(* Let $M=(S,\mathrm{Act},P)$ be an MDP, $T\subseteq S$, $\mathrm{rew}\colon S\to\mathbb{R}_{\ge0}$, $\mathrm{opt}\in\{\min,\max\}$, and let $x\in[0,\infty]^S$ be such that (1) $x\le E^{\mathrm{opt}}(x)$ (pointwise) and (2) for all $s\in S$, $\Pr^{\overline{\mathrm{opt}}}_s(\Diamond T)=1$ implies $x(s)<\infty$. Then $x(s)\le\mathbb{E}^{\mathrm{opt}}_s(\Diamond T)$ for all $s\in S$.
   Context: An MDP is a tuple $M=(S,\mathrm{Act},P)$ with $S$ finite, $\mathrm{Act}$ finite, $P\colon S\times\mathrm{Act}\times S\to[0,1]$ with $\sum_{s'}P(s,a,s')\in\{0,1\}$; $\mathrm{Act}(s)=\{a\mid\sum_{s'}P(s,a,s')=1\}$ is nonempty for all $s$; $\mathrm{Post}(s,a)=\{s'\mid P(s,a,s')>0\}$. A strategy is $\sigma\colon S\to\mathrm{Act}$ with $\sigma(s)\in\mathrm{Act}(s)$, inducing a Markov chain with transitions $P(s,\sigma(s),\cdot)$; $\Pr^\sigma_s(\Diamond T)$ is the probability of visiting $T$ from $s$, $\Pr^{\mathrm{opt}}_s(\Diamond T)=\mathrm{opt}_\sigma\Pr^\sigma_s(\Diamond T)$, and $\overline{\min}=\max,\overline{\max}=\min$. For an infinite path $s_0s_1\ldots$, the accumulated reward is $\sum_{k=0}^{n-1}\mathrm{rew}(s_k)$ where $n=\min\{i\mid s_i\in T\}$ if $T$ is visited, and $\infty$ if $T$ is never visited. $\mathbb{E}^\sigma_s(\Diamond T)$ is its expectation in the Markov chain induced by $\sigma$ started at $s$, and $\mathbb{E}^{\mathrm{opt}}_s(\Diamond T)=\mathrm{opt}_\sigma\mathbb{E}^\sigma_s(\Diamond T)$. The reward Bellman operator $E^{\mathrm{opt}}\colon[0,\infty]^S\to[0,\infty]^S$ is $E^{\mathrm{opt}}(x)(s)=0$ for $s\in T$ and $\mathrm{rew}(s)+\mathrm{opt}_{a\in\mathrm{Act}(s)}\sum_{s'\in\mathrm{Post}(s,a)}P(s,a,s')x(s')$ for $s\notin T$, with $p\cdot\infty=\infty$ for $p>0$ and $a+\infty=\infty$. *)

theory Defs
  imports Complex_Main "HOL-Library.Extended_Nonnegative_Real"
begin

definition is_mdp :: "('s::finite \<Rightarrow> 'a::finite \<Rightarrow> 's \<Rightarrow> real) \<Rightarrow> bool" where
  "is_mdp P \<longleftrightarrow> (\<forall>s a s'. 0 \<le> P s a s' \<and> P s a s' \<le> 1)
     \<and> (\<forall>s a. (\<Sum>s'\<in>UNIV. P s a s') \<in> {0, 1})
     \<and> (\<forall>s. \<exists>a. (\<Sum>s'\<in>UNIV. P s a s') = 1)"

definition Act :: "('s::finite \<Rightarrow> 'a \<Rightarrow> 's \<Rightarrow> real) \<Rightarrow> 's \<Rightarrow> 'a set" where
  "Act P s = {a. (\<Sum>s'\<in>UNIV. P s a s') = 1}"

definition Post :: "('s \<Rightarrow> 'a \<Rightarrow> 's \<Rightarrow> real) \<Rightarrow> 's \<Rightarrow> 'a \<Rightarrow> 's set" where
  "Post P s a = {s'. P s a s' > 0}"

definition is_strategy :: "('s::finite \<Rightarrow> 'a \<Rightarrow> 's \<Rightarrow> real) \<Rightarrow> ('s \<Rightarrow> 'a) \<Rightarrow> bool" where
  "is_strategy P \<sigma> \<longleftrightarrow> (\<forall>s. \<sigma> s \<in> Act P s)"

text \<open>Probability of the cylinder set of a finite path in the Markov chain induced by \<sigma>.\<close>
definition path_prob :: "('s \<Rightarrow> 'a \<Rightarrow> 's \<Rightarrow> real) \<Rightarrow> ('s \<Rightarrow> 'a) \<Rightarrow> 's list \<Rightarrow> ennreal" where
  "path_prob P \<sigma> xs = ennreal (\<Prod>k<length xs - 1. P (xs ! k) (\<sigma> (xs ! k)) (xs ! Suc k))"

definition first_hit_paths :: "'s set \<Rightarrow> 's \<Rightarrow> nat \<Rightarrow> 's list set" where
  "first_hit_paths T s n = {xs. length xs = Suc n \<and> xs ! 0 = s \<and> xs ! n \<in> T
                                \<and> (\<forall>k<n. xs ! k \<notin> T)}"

• • • • • • •

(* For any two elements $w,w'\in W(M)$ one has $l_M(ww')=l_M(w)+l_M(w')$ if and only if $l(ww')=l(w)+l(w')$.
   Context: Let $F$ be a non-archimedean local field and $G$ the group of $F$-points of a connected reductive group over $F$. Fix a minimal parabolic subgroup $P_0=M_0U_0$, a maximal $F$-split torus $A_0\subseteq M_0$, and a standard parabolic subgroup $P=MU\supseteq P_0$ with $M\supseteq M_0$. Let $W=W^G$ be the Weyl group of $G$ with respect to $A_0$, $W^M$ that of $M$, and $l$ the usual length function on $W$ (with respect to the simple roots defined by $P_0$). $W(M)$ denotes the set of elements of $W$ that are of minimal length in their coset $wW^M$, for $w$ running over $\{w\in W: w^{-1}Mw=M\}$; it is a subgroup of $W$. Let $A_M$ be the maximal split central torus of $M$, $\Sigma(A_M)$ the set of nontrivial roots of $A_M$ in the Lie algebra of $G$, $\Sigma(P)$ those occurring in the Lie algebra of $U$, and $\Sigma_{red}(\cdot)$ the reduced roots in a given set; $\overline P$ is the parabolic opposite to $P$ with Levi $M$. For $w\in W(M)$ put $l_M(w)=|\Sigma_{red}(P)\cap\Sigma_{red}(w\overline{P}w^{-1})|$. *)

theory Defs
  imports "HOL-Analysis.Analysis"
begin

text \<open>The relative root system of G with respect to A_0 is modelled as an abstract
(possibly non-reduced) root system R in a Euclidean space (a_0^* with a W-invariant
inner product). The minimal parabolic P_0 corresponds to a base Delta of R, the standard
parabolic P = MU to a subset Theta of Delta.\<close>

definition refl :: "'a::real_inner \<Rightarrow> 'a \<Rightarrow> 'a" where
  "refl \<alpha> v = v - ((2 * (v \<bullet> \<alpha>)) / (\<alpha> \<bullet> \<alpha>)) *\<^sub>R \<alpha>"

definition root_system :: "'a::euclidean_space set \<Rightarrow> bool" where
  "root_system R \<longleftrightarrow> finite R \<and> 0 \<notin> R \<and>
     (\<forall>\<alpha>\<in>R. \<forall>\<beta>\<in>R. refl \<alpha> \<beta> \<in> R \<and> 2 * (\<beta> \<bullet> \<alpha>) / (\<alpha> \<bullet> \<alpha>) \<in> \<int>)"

• • • • • • •

WORK TO COMPLETE> Take the entries above and return only the lines from the one with "P \<sigma> xs" to the one with "(\<forall>k<n. xs !", both included, unchanged.

EXERCISE RESPONSE>
  "path_prob P \<sigma> xs = ennreal (\<Prod>k<length xs - 1. P (xs ! k) (\<sigma> (xs ! k)) (xs ! Suc k))"

definition first_hit_paths :: "'s set \<Rightarrow> 's \<Rightarrow> nat \<Rightarrow> 's list set" where
  "first_hit_paths T s n = {xs. length xs = Suc n \<and> xs ! 0 = s \<and> xs ! n \<in> T
                                \<and> (\<forall>k<n. xs ! k \<notin> T)}"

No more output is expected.